A Python port of Esprima, the JavaScript parser.
It's pretty slow -- about two orders of magnitude slower to parse a 116k JS file. The code was semi-automatically translated from JavaScript, and it does a lot of string appending, which is fast in JS but slow in Python.
Shelling out to a NodeJS process is likely to be a better way to use Esprima from Python. However, writing the interprocess data-marshaling code is a bit annoying, so if you want to do a quick hack on small amounts of data, PyEsprima is a good way to get down to business. The API is almost exactly the same, so you can easily swap in an interface to the external Node process later on.
Also, since the code is semi-automatically translated using js2py, it's easier to keep up-to-date, and thus bit-rot is less of a problem.
Finally, you'll be glad to know that all the relevant tests from the original Esprima pass.
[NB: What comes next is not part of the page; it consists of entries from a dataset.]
lemma N_divisor_closed:
  assumes "n \<in> N" "x \<in> M" "x \<preceq> n"
  shows "x \<in> N \<and> inv x \<otimes> n \<in> N"
proof -
  have "n \<in> M"
    using assms(1) by simp
  then show ?thesis
    using assms
  proof (induct arbitrary: x rule: left_factor_induct)
    case (step n)
    show ?case
    proof (cases "x = \<one>")
      case True
      then show ?thesis using step.prems by simp
    next
      case False
      define u where "u = meet x \<Delta>"
      have u: "u \<in> Div G M \<delta>" "u \<noteq> \<one>" "u \<preceq> x"
        using step.prems False meet_Delta_in_Div_delta meet_Delta_neq_one
        by (simp_all add: u_def meet_leL_left)
      then have uM: "u \<in> M" and "u \<preceq> n"
        using step.prems leL_trans [of u x n] by (simp_all add: mem_Div_iff)
      define n' where "n' = inv u \<otimes> n"
      define x' where "x' = inv u \<otimes> x"
      have n': "n' \<in> N" "n = u \<otimes> n'"
        using Div_delta_left_quotient_in_N u(1) \<open>u \<preceq> n\<close> step.prems uM by (simp_all add: n'_def)
      have x': "x' \<in> M" "x = u \<otimes> x'"
        using u step.prems uM by (simp_all add: x'_def leL_quotient_in_M)
      have "x' \<preceq> n'"
        using step.prems n' x' uM leL_mult_left_iff [of u x' n'] by simp
      then have "x' \<in> N \<and> inv x' \<otimes> n' \<in> N"
        using step.hyps(2) [OF uM u(2) _ n'(2)] n' x' by simp
      moreover have "inv x \<otimes> n = inv x' \<otimes> n'"
        using n' x' uM by (simp add: m_assoc inv_mult_group)
      ultimately show ?thesis
        using x' uM u(1) Div_delta_in_N by simp
    qed
  qed
qed

lemma N_leL_delta_pow:
  assumes "n \<in> N"
  shows "\<exists>k::nat. n \<preceq> \<delta> [^] k"
proof -
  have "n \<in> monoid_gen G (Div G M \<delta>)"
    using assms N_def by simp
  then show ?thesis
  proof (induct rule: monoid_gen_induct)
    case one
    then show ?case
      using leL_refl [of \<one>] by (metis nat_pow_0 one_closed)
  next
    case (Cons s y)
    then obtain k :: nat where k: "y \<preceq> \<delta> [^] k"
      by blast
    have s: "s \<in> M" and y: "y \<in> M"
      using Cons(1,2) N_def by (auto simp: mem_Div_iff)
    have "inv (\<delta> [^] k) \<otimes> s \<otimes> \<delta> [^] k \<preceq> \<delta>"
      using Div_conj_inv_pow [OF delta_balanced Cons(1)] by (simp add: mem_Div_iff)
    then have "\<delta> [^] k \<otimes> (inv (\<delta> [^] k) \<otimes> s \<otimes> \<delta> [^] k) \<preceq> \<delta> [^] k \<otimes> \<delta>"
      using s leL_mult_left_iff by simp
    then have "s \<otimes> \<delta> [^] k \<preceq> \<delta> [^] Suc k"
      using s by (simp add: m_assoc)
    moreover have "s \<otimes> y \<preceq> s \<otimes> \<delta> [^] k"
      using k s y leL_mult_left_iff by simp
    ultimately have "s \<otimes> y \<preceq> \<delta> [^] Suc k"
      using s y leL_trans [of "s \<otimes> y" "s \<otimes> \<delta> [^] k"] by simp
    then show ?case
      by blast
  qed
qed

lemma delta_pow_leL_delta_pow_add: "\<delta> [^] (k::nat) \<preceq> \<delta> [^] (k + j)"
  using leL_mult_right [of "\<delta> [^] k" "\<delta> [^] j"] by (simp add: nat_pow_mult)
Aside from our handling of RegExps, we expose the same interface as Esprima / SpiderMonkey:
>>> import pyesprima
>>> print pyesprima.tokenize("1 + 1")
[{'type': 'Numeric', 'value': '1'},
{'type': 'Punctuator', 'value': '+'},
{'type': 'Numeric', 'value': '1'}]
>>> pyesprima.parse("1 + 1", loc=True)
{'body': [{'type': 'ExpressionStatement', 'expression': {'operator': '+',
'loc': {'start': {'column': 0, 'line': 1}, 'end': ...
Esprima creates RegExp
objects for regular expression literals in the JS
source. However, Python regular expressions do not have a global
flag (it has
re.findall
instead), so we cannot map JS RegExps perfectly; instead,
pyesprima.RegExp
objects have a flags
attribute that records what flags were
used in the JS source.
Note that the returned objects are instances of pyesprima.jsdict
, which
simulates JavaScript dicts in having both a.x
and a['x']
mean the same
thing.
pip install pyesprima